Here is one which explains each state of mind and how they work together. In group, we usually start by talking about what ideas, emotions, and actions we associate with each, the ways that reasonable and emotional mind can be helpful, as ways to demonstrate what is in the diagram below.
Most of us in DBT suffer from being too much in emotional mind. Many of the skills we learn in DBT try to add more reasonable mind skills to the mix, to get us to wise mind. Note that reasonable mind is not the goal. If you ask anybody on the street what state of mind you should be in, almost all of them would tell you "reasonable." Society by and large does not look favorably on the emotional state of mind or those living in it. But being too much in reasonable mind is not good either. It just doesn't cause the same amount of trouble in one's life that being too much in emotional mind does. There are times when you need emotional mind. Like for sex, romance, and falling in love.

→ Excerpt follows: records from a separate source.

lemma dihedral_diag_fixes_iff:
  "diag_fixes p (\<eta>^(2*R)) (inverse (\<eta>^(2*R))) \<longleftrightarrow> (\<forall>i j. p(i,j) \<noteq> 0 \<longrightarrow> int (2*Q) dvd int i - int j)"
  using \<eta> exponents_positive by (intro diag_fixes_primitive_root_iff) (simp_all add: mult_ac)

lemma skew_invariant_support:
  assumes "p \<in> invariants (-1) skew_group" and "p(i,j) \<noteq> 0"
  shows "int (2*Q) dvd int i - int j \<and> 2*R dvd i + j"
proof -
  have "K dvd i + j"
    using assms w exponents_positive
    by (intro antidiag_fixes_primitive_root_support[of "-1" p w N K]) (auto simp: skew_invariants_eq)
  moreover have "int N dvd int i - int j"
    using assms by (auto simp: skew_invariants_eq skew_diag_fixes_iff)
  ultimately show ?thesis using support_condition_iff by blast
qed

lemma dihedral_invariant_support:
  assumes "p \<in> invariants 1 dihedral_group" and "p(i,j) \<noteq> 0"
  shows "int (2*Q) dvd int i - int j \<and> 2*R dvd i + j"
proof -
  have "antidiag_fixes 1 p (\<eta>^Q) (\<eta>^Q)"
    using assms(1) by (simp add: dihedral_invariants_eq)
  moreover have "primitive_root (2*Q*(2*R)) \<eta>"
    using \<eta> by (simp add: mult_ac)
  ultimately have "2*R dvd i + j"
    using assms(2) exponents_positive
    by (intro antidiag_fixes_primitive_root_support[of 1 p \<eta> Q "2*R"]) simp_all
  moreover have "int (2*Q) dvd int i - int j"
    using assms by (auto simp: dihedral_invariants_eq dihedral_diag_fixes_iff)
  ultimately show ?thesis by blast
qed

lemma twist_mem_invariants_iff_supported:
  assumes support: "\<And>i j. p(i,j) \<noteq> 0 \<Longrightarrow> int (2*Q) dvd int i - int j \<and> 2*R dvd i + j"
  shows "twist p \<in> invariants 1 dihedral_group \<longleftrightarrow> p \<in> invariants (-1) skew_group"
proof -
  have "diag_fixes (twist p) (\<eta>^(2*R)) (inverse (\<eta>^(2*R)))"
    using support by (simp add: dihedral_diag_fixes_iff)
  moreover have "diag_fixes p (w^(2*K)) (inverse (w^(2*K)))"
    unfolding skew_diag_fixes_iff using support support_condition_iff by blast
  moreover have "antidiag_fixes 1 (twist p) (\<eta>^Q) (\<eta>^Q) \<longleftrightarrow> antidiag_fixes (-1) p (w^N) (w^N)"
    using support swap_eigenvalue_relation by (intro antidiag_fixes_twist_iff) blast
  ultimately show ?thesis
    by (simp add: skew_invariants_eq dihedral_invariants_eq)
qed

lemma twist_mem_invariants_iff:
  "twist p \<in> invariants 1 dihedral_group \<longleftrightarrow> p \<in> invariants (-1) skew_group"
proof
  assume "twist p \<in> invariants 1 dihedral_group"
  moreover have "int (2*Q) dvd int i - int j \<and> 2*R dvd i + j" if "p(i,j) \<noteq> 0" for i j
    using dihedral_invariant_support[OF calculation, of i j] that by simp
  ultimately show "p \<in> invariants (-1) skew_group"
    using twist_mem_invariants_iff_supported by blast
qed (use twist_mem_invariants_iff_supported skew_invariant_support in blast)

lemma alg_iso_invariants_skew_dihedral:
  "alg_iso_invariants (-1) skew_group 1 dihedral_group"
  unfolding alg_iso_invariants_def
proof (intro exI[of _ twist] conjI ballI allI)
  show "bij_betw twist (invariants (-1) skew_group) (invariants 1 dihedral_group)"
    by (rule bij_betw_byWitness[where f'=twist]) (auto simp flip: twist_mem_invariants_iff)
next
  fix x y assume x: "x \<in> invariants (-1) skew_group"
  show "twist (qadd x y) = qadd (twist x) (twist y)" by (rule twist_qadd)
  have "even a \<longleftrightarrow> even b" if "x(a,b) \<noteq> 0" for a b
  proof -
    have "2 * int Q dvd int a - int b" using skew_invariant_support[OF x that] by simp
    then have "2 dvd int a - int b" by (rule dvd_mult_left)
    then show ?thesis by simp
  qed
  then show "twist (qmult (-1) x y) = qmult 1 (twist x) (twist y)" by (rule twist_qmult)
qed (simp_all add: twist_qsmult twist_qone)

end

section \<open>The bijection \<open>\<theta>\<close>\<close>

lemma S_set_theta:
  assumes "x \<in> S_set"
  shows "theta x \<in> T_set \<and> theta_inv (theta x) = x"
proof -
  obtain n k where x: "x = (n,k)" by fastforce
  with assms have "k > 0" "coprime n k" "n \<ge> 3" "odd (n - k)" "k mod 4 \<noteq> 2"
    by (auto simp: S_set_def coprime_iff_gcd_eq_1)
  show ?thesis
  proof (cases "odd n")
    case True
    then have "even k" using \<open>odd (n - k)\<close> by auto
    then obtain h where h: "k = 2*h" by blast
    then have "even h" using \<open>k mod 4 \<noteq> 2\<close> by presburger
    have "coprime n h" using \<open>coprime n k\<close> h by simp
    then have "coprime (n + h) n"
      by (metis add.commute coprime_iff_gcd_eq_1 gcd.commute gcd_add1)
    then show ?thesis
      using True h \<open>even h\<close> \<open>k > 0\<close> \<open>n \<ge> 3\<close>
      by (simp add: x theta_def theta_inv_def T_set_def coprime_iff_gcd_eq_1)
  next
    case False
    then obtain h where h: "n = 2*h" by blast
    have "odd k" using False \<open>odd (n - k)\<close> by simp
    have "coprime h k" using \<open>coprime n k\<close> h by simp
    then have "coprime (h + k) h"
      by (metis add.commute coprime_iff_gcd_eq_1 gcd.commute gcd_add1)
    then show ?thesis
      using False h \<open>odd k\<close> \<open>k > 0\<close> \<open>n \<ge> 3\<close>
      by (simp add: x theta_def theta_inv_def T_set_def coprime_iff_gcd_eq_1)
  qed
qed

lemma T_set_theta_inv:
  assumes "y \<in> T_set"
  shows "theta_inv y \<in> S_set \<and> theta (theta_inv y) = y"
proof -
  obtain m q where y: "y = (m,q)" by fastforce
  with assms have "1 < q" "q < m" "coprime m q"
    by (auto simp: T_set_def coprime_iff_gcd_eq_1)
  then have "coprime (m - q) q"
    by (metis coprime_iff_gcd_eq_1 gcd_diff1)
  show ?thesis
  proof (cases "even (m - q)")
    case True
    then have "odd q"
      using \<open>coprime m q\<close> by (metis coprime_common_divisor diff_add_cancel even_add odd_one)
    then have "coprime q 2" by simp
    then have "coprime q (2*(m-q))"
      using \<open>coprime (m - q) q\<close> by (metis coprime_commute coprime_mult_right_iff)
    moreover have "q \<ge> 3" using \<open>odd q\<close> \<open>1 < q\<close> by presburger
    moreover have "(2*(m-q)) mod 4 \<noteq> 2" using True by presburger
    ultimately show ?thesis
      using True \<open>odd q\<close> \<open>q < m\<close>
      by (simp add: y theta_def theta_inv_def S_set_def coprime_iff_gcd_eq_1)
  next
    case False
    then have "coprime (2*q) (m - q)"
      using \<open>coprime (m - q) q\<close> by (simp add: coprime_commute)
    moreover have "(m - q) mod 4 \<noteq> 2" using False by presburger
    ultimately show ?thesis
      using False \<open>1 < q\<close> \<open>q < m\<close>
      by (simp add: y theta_def theta_inv_def S_set_def coprime_iff_gcd_eq_1)
  qed
qed

lemma bij_betw_theta: "bij_betw theta S_set T_set"
  using S_set_theta T_set_theta_inv by (intro bij_betw_byWitness[where f'=theta_inv]) auto

lemma theta_relation:
  assumes "(n,k) \<in> S_set" and "theta (n,k) = (m,q)"
  shows "(odd n \<and> q = n \<and> k = 2*(m-q) \<and> even (m-q)) \<or> (even n \<and> n = 2*q \<and> m - q = k \<and> odd k)"
proof -
  have "theta_inv (m,q) = (n,k)" using S_set_theta[OF assms(1)] assms(2) by simp
  moreover have "odd (n - k)" using assms(1) by (simp add: S_set_def)
  ultimately show ?thesis by (auto simp: theta_inv_def split: if_splits)
qed

lemma G_grp_nat:
  "G_grp (int N) (int K) w = gen_group {(w^(2*K), 0, 0, inverse (w^(2*K))), (0, w^N, w^N, 0)}"
proof -
  have "w powi (2 * int K) = w^(2*K)" "w powi (-2 * int K) = inverse (w^(2*K))"
    by (simp_all add: power_int_minus flip: power_int_of_nat)
  then show ?thesis by (simp add: G_grp_def)
qed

So I haven't really done well in the romance department for quite awhile. I guess we could say ever, but let's just go back the last couple of years. While my uncle was sick, TyRoy was my unboyfriend. We did lots of the stuff you do with a significant other whenever I wasn't at my uncle's, but he knew that my family came first and I knew he was leaving soon. After my uncle passed, well, I was a wreck. Therapy helped. I feel like I've really gotten my life back, and back on a track. I feel like I'm doing better with my relationships in general. but the only real romances I've had were ones that were established before the therapy. Basically, it's easy to have romance with exes.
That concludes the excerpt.